Are you an investor looking for innovative ways to manage your capital gains?  The Opportunity Zone Program might just be the solution you’ve been seeking. Introduced as part of the Tax Cuts and Jobs Act of 2017, this program offers substantial tax incentives for investors who funnel their capital gains into designated Opportunity Zones, stimulating economic growth in underserved communities across the United States.

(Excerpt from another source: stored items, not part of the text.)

definition oriented_graph :: "('n \<Rightarrow> 'n \<Rightarrow> bool) \<Rightarrow> bool" where
  "oriented_graph A \<longleftrightarrow> (\<forall>u. \<not> A u u) \<and> (\<forall>u v. A u v \<longrightarrow> \<not> A v u)"

definition underlying :: "('n \<Rightarrow> 'n \<Rightarrow> bool) \<Rightarrow> 'n \<Rightarrow> 'n \<Rightarrow> bool" where
  "underlying A u v \<longleftrightarrow> A u v \<or> A v u"

definition skew_adj :: "('n::finite \<Rightarrow> 'n \<Rightarrow> bool) \<Rightarrow> real^'n^'n" where
  "skew_adj A = (\<chi> i j. if A i j then 1 else if A j i then -1 else 0)"

definition skew_rank :: "('n::finite \<Rightarrow> 'n \<Rightarrow> bool) \<Rightarrow> nat" where
  "skew_rank A = rank (skew_adj A)"

text \<open>Graph notions for a simple graph given by a symmetric irreflexive relation E
  on the whole (finite) vertex type.\<close>
definition connected_graph :: "('n \<Rightarrow> 'n \<Rightarrow> bool) \<Rightarrow> bool" where
  "connected_graph E \<longleftrightarrow> (\<forall>u v. E\<^sup>*\<^sup>* u v)"

definition is_cycle :: "('n \<Rightarrow> 'n \<Rightarrow> bool) \<Rightarrow> 'n list \<Rightarrow> bool" where
  "is_cycle E xs \<longleftrightarrow> length xs \<ge> 3 \<and> distinct xs \<and>
     (\<forall>i < length xs. E (xs ! i) (xs ! ((i + 1) mod length xs)))"

text \<open>The edge set of a cycle; two cycle lists denote the same cycle iff they have
  the same edge set (rotations and reflections are identified).\<close>
definition cycle_edges :: "'n list \<Rightarrow> 'n set set" where
  "cycle_edges xs = {{xs ! i, xs ! ((i + 1) mod length xs)} | i. i < length xs}"

definition unicyclic :: "('n \<Rightarrow> 'n \<Rightarrow> bool) \<Rightarrow> bool" where
  "unicyclic E \<longleftrightarrow> connected_graph E \<and>
     (\<exists>!C. \<exists>xs. is_cycle E xs \<and> C = cycle_edges xs)"

definition girth :: "('n \<Rightarrow> 'n \<Rightarrow> bool) \<Rightarrow> nat" where
  "girth E = Min {length xs | xs. is_cycle E xs}"

definition cycle_with_pendants_at_one_vertex :: "('n \<Rightarrow> 'n \<Rightarrow> bool) \<Rightarrow> nat \<Rightarrow> bool" where
  "cycle_with_pendants_at_one_vertex E k \<longleftrightarrow>
     (\<exists>c :: nat \<Rightarrow> 'n. inj_on c {..<k} \<and>
       (\<forall>u v. E u v \<longleftrightarrow>
          (\<exists>i<k. (u = c i \<and> v = c ((i + 1) mod k)) \<or> (v = c i \<and> u = c ((i + 1) mod k))) \<or>
          (u = c 0 \<and> v \<notin> c ` {..<k}) \<or> (v = c 0 \<and> u \<notin> c ` {..<k})))"

end

theory Submission
  imports Defs
begin

text \<open>A shortest cycle \<open>c 0, \<dots>, c (k - 1)\<close> of a unicyclic graph is chordless, and since the
  graph is connected with more than \<open>k\<close> vertices, some vertex \<open>x\<close> off the cycle is adjacent to
  it, say to \<open>c 0\<close>; by unicyclicity \<open>x\<close> has no other neighbour on the cycle. Then
  \<open>x, c 0, c 1, \<dots>\<close> is a path on \<open>k\<close> (for even \<open>k\<close>) or \<open>k + 1\<close> (for odd \<open>k\<close>) vertices whose
  only chord joins two odd positions, and a triangular choice of pivots shows that the
  corresponding rows of the skew-adjacency matrix are linearly independent.

  For the cycle with pendant vertices at \<open>c 0\<close>, the row of every pendant vertex is a multiple of
  the unit vector at \<open>c 0\<close>, so the rank is at most \<open>k + 1\<close>; for even \<open>k\<close> the rows of the
  odd-indexed cycle vertices moreover lie in the span of the unit vectors at the \<open>k div 2\<close>
  even-indexed ones, so the rank is at most \<open>k\<close>.\<close>

section \<open>Rank bounds from the pattern of nonzero entries\<close>

lemma rank_ge_if_rows_independent:
  fixes M :: "real^'n::finite^'m::finite" and w :: "nat \<Rightarrow> 'm"
  assumes indep: "\<And>f. (\<Sum>a<n. f a *\<^sub>R row (w a) M) = 0 \<Longrightarrow> \<forall>a<n. f a = 0"
  shows "n \<le> rank M"
proof -
  define r where "r a = row (w a) M" for a
  have inj: "inj_on r {..<n}"
  proof (rule inj_onI, rule ccontr)
    fix a b assume ab: "a \<in> {..<n}" "b \<in> {..<n}" "r a = r b" "a \<noteq> b"
    define f :: "nat \<Rightarrow> real" where "f i = (if i = a then 1 else if i = b then -1 else 0)" for i
    have "(\<Sum>i<n. f i *\<^sub>R r i) = (\<Sum>i\<in>{a,b}. f i *\<^sub>R r i)"
      by (rule sum.mono_neutral_right) (use ab in \<open>auto simp: f_def\<close>)
    also have "\<dots> = 0" using ab by (simp add: f_def)
    finally have "f a = 0" using indep[of f] ab by (simp add: r_def)
    then show False by (simp add: f_def)
  qed
  have "independent (r ` {..<n})"
  proof (rule independent_if_scalars_zero)
    fix g x assume g: "(\<Sum>y\<in>r ` {..<n}. g y *\<^sub>R y) = 0" and x: "x \<in> r ` {..<n}"
    have "(\<Sum>a<n. g (r a) *\<^sub>R r a) = 0" using g by (simp add: sum.reindex[OF inj])
    then show "g x = 0" using indep[of "g \<circ> r"] x by (auto simp: r_def)
  qed simp
  then have "card (r ` {..<n}) \<le> dim (rows M)"
    by (intro independent_card_le_dim) (auto simp: rows_def r_def)
  then show ?thesis by (simp add: row_rank_def card_image[OF inj])
qed

lemma rank_ge_if_pivots:
  fixes M :: "real^'n::finite^'m::finite" and w :: "nat \<Rightarrow> 'm" and q :: "nat \<Rightarrow> 'n"
    and \<mu> :: "nat \<Rightarrow> nat"
  assumes pivot: "\<And>a. a < n \<Longrightarrow> M $ w a $ q a \<noteq> 0"
    and earlier: "\<And>a b. a < n \<Longrightarrow> b < n \<Longrightarrow> b \<noteq> a \<Longrightarrow> M $ w b $ q a \<noteq> 0 \<Longrightarrow> \<mu> b < \<mu> a"
  shows "n \<le> rank M"
proof (rule rank_ge_if_rows_independent)
  fix f assume rows: "(\<Sum>a<n. f a *\<^sub>R row (w a) M) = 0"
  have col: "(\<Sum>b<n. f b * M $ w b $ v) = 0" for v
  proof -
    have "(\<Sum>b<n. f b *\<^sub>R row (w b) M) $ v = 0" using rows by simp
    then show ?thesis by (simp add: sum_component row_def)
  qed
  have "a < n \<longrightarrow> f a = 0" for a
  proof (induction a rule: measure_induct_rule[of \<mu>])
    case (less a)
    show ?case
    proof
      assume a: "a < n"
      have "(\<Sum>b\<in>{..<n} - {a}. f b * M $ w b $ q a) = 0"
        using less earlier[OF a] by (intro sum.neutral) force
      then have "f a * M $ w a $ q a = 0"
        using col[of "q a"] sum.remove[of "{..<n}" a "\<lambda>b. f b * M $ w b $ q a"] a by simp
      then show "f a = 0" using pivot[OF a] by simp
    qed
  qed
  then show "\<forall>a<n. f a = 0" by blast
qed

Here’s how it works: By reinvesting short-term or long-term capital gains from various sources—whether it be from a C-Corp, S-Corp, Partnership, or individual stock market activity —into qualified Opportunity Zone investments, investors can defer and potentially permanently reduce their federal and (most) state tax liabilities. Particularly advantageous is the ability to defer capital gains realized in 2023, including those reported in October, November and December, as well as any capital gains incurred in calendar 2024.

By timely investing capital gains into an Opportunity Zone Fund (including a “captive” OZ Fund that you can fully control), investors can achieve several key objectives:

**1. Capital Gain Deferral:** By reinvesting all or a portion of the capital gain income into a Qualified Opportunity Fund with 180 days of generating the capital gain, Investors can defer paying taxes on their long or short-term capital gains until 2026 or until they sell their Opportunity Zone investment, whichever comes first. This deferral allows investors to retain more of their gains to reinvest and compound over time.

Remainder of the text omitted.